To solve the problem, we need to find the values of \( p \) for which the two given lines are perpendicular to a common line. The lines are given as: 1. \( p(p^2 + 1)x - y + q = 0 \) (Line 1) 2. \( (p^2 + 1)^2x + (p^2 + 1)y + 2q = 0 \) (Line 2) ### Step 1: Find the slopes of the lines The slope of a line in the form \( Ax + By + C = 0 \) can be found using the formula: \[ \text{slope} = -\frac{A}{B} \] #### Slope of Line 1: For Line 1, we have: - \( A = p(p^2 + 1) \) - \( B = -1 \) Thus, the slope \( m_1 \) of Line 1 is: \[ m_1 = -\frac{p(p^2 + 1)}{-1} = p(p^2 + 1) \] #### Slope of Line 2: For Line 2, we have: - \( A = (p^2 + 1)^2 \) - \( B = (p^2 + 1) \) Thus, the slope \( m_2 \) of Line 2 is: \[ m_2 = -\frac{(p^2 + 1)^2}{(p^2 + 1)} = -(p^2 + 1) \] ### Step 2: Set the slopes equal Since the two lines are perpendicular to a common line, they must be parallel to each other.
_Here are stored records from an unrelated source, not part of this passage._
text \<open>
  Write \<open>L'\<close> and \<open>A'\<close> for the differentials of \<open>L\<close> and \<open>A\<close> at \<open>(x, v)\<close>. Since
  \<open>L \<bullet> A\<close> vanishes identically, \<open>A \<bullet> L' + L \<bullet> A' = 0\<close>; when \<open>L \<noteq> 0\<close> this is the only
  relation, i.e. every \<open>(p, q)\<close> with \<open>p \<bullet> L' + q \<bullet> A' = 0\<close> is a multiple \<open>t (A, L)\<close>.
  At a critical point of \<open>V\<close> this applies to \<open>p = k1 (L - L0)\<close>, \<open>q = k2 (A - A0)\<close>, so
  \<open>L0 = L - (t/k1) A\<close> and \<open>A0 = A - (t/k2) L\<close>, and \<open>L0 \<bullet> A0 = -t (|L|\<^sup>2/k2 + |A|\<^sup>2/k1)\<close>
  vanishes only for \<open>t = 0\<close>, that is \<open>V = 0\<close>. Below the level \<open>k1 |L0|\<^sup>2 / 2\<close> we have
  \<open>L \<noteq> 0\<close>, because \<open>L = 0\<close> already forces \<open>V \<ge> k1 |L0|\<^sup>2 / 2\<close>.
\<close>

lemma bounded_bilinear_cross3: "bounded_bilinear cross3"
  using bilinear_cross bilinear_conv_bounded_bilinear by blast

lemmas has_derivative_cross3 = bounded_bilinear.FDERIV[OF bounded_bilinear_cross3]

definition Avec_differential :: "real \<Rightarrow> real^3 \<Rightarrow> real^3 \<Rightarrow> real^3 \<Rightarrow> real^3 \<Rightarrow> real^3" where
  "Avec_differential \<mu> x v a b = b \<times> (x \<times> v) + v \<times> (a \<times> v + x \<times> b)
     - ((\<mu> / norm x) *\<^sub>R a - (\<mu> * (x \<bullet> a) / norm x ^ 3) *\<^sub>R x)"

lemma has_derivative_Lmom:
  "((\<lambda>p. Lmom (fst p) (snd p)) has_derivative (\<lambda>h. fst h \<times> v + x \<times> snd h)) (at (x, v))"
  unfolding Lmom_def
  by (rule has_derivative_eq_rhs, (rule derivative_eq_intros has_derivative_cross3 refl)+) (simp add: add.commute)

lemma has_derivative_Avec:
  assumes "x \<noteq> 0"
  shows "((\<lambda>p. Avec \<mu> (fst p) (snd p)) has_derivative
           (\<lambda>h. Avec_differential \<mu> x v (fst h) (snd h))) (at (x, v))"
proof -
  have norm_fst: "((\<lambda>p. norm (fst p)) has_derivative (\<lambda>h. fst h \<bullet> sgn x)) (at (x, v))"
    using has_derivative_compose[OF has_derivative_fst[OF has_derivative_ident]
        has_derivative_norm[of "fst (x, v)"]] assms
    by simp
  have norm_x: "norm (fst (x, v)) \<noteq> 0" using assms by simp
  show ?thesis
    unfolding Avec_def
    apply (rule has_derivative_eq_rhs)
     apply (rule derivative_eq_intros has_derivative_cross3 norm_fst norm_x refl)+
    apply (simp add: Avec_differential_def sgn_div_norm divide_inverse power3_eq_cube algebra_simps fun_eq_iff inner_commute)
    done
qed

lemma has_derivative_Vfun:
  assumes "x \<noteq> 0"
  shows "(Vfun \<mu> k1 k2 L0 A0 has_derivative
           (\<lambda>h. k1 * ((Lmom x v - L0) \<bullet> (fst h \<times> v + x \<times> snd h))
              + k2 * ((Avec \<mu> x v - A0) \<bullet> Avec_differential \<mu> x v (fst h) (snd h)))) (at (x, v))"
  unfolding Vfun_def power2_norm_eq_inner
  apply (rule has_derivative_eq_rhs)
   apply (rule derivative_eq_intros has_derivative_Lmom has_derivative_Avec[OF assms] refl)+
  apply (simp add: fun_eq_iff inner_commute algebra_simps)
  done

lemma Lmom_inner_Avec: "Lmom x v \<bullet> Avec \<mu> x v = 0"
  unfolding Lmom_def Avec_def by (simp add: inner_diff_right dot_cross_self)

lemma Lmom_inner_Avec_differential_eq_0:
  assumes "x \<noteq> 0"
  shows "Avec \<mu> x v \<bullet> (a \<times> v + x \<times> b) + Lmom x v \<bullet> Avec_differential \<mu> x v a b = 0"
proof -
  have "((\<lambda>p. Lmom (fst p) (snd p) \<bullet> Avec \<mu> (fst p) (snd p)) has_derivative
      (\<lambda>h. Lmom x v \<bullet> Avec_differential \<mu> x v (fst h) (snd h)
         + (fst h \<times> v + x \<times> snd h) \<bullet> Avec \<mu> x v)) (at (x, v))"
    using has_derivative_inner[OF has_derivative_Lmom has_derivative_Avec[OF assms]] by simp
  moreover have "((\<lambda>p. Lmom (fst p) (snd p) \<bullet> Avec \<mu> (fst p) (snd p)) has_derivative (\<lambda>h. 0)) (at (x, v))"
    by (simp add: Lmom_inner_Avec)
  ultimately have "(\<lambda>h. Lmom x v \<bullet> Avec_differential \<mu> x v (fst h) (snd h)
         + (fst h \<times> v + x \<times> snd h) \<bullet> Avec \<mu> x v) = (\<lambda>h. 0)"
    by (rule has_derivative_unique)
  from fun_cong[OF this, of "(a, b)"] show ?thesis by (simp add: inner_commute add.commute)
qed

lemma cross3_frame_orthogonal_eq_0:
  fixes x v z :: "real^3"
  assumes "z \<bullet> x = 0" "z \<bullet> v = 0" "z \<bullet> (x \<times> v) = 0" "x \<times> v \<noteq> 0"
  shows "z = 0"
proof -
  have "(a \<bullet> (b \<times> c)) *\<^sub>R z = (z \<bullet> a) *\<^sub>R (b \<times> c) + (z \<bullet> b) *\<^sub>R (c \<times> a) + (z \<bullet> c) *\<^sub>R (a \<times> b)"
    for a b c :: "real^3"
    by (simp add: cross3_simps forall_3)
  from this[of x v "x \<times> v"]
  have "(x \<bullet> (v \<times> (x \<times> v))) *\<^sub>R z = 0"
    by (simp only: assms(1-3) scaleR_zero_left add_0)
  moreover have "x \<bullet> (v \<times> (x \<times> v)) = (x \<times> v) \<bullet> (x \<times> v)"
    using cross_triple[of x v "x \<times> v"] by (simp add: inner_commute)
  ultimately show ?thesis using assms(4) by simp
qed

lemma cross3_eq_0_imp_parallel:
  fixes x y :: "real^3"
  assumes "x \<times> y = 0" "x \<noteq> 0"
  shows "y = ((x \<bullet> y) / (x \<bullet> x)) *\<^sub>R x"
proof (rule cross_dot_cancel[OF _ _ \<open>x \<noteq> 0\<close>])
  have "x \<bullet> x \<noteq> 0" using \<open>x \<noteq> 0\<close> by simp
  then show "x \<bullet> y = x \<bullet> (((x \<bullet> y) / (x \<bullet> x)) *\<^sub>R x)" by simp
  show "x \<times> y = x \<times> (((x \<bullet> y) / (x \<bullet> x)) *\<^sub>R x)"
    using \<open>x \<times> y = 0\<close> by (simp add: cross_mult_right)
qed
Therefore, we set the slopes equal: \[ p(p^2 + 1) = -(p^2 + 1) \] ### Step 3: Solve for \( p \) Rearranging the equation gives: \[ p(p^2 + 1) + (p^2 + 1) = 0 \] Factoring out \( (p^2 + 1) \): \[ (p^2 + 1)(p + 1) = 0 \] This gives us two cases: 1. \( p^2 + 1 = 0 \) 2. \( p + 1 = 0 \) #### Case 1: \( p^2 + 1 = 0 \) This case has no real solutions since \( p^2 + 1 \) is always positive for real \( p \). #### Case 2: \( p + 1 = 0 \) This gives us: \[ p = -1 \] ### Conclusion The only real solution for \( p \) is \( -1 \). Therefore, there is exactly one value of \( p \). ### Final Answer The correct option is: **Exactly one value of \( p \)**. ---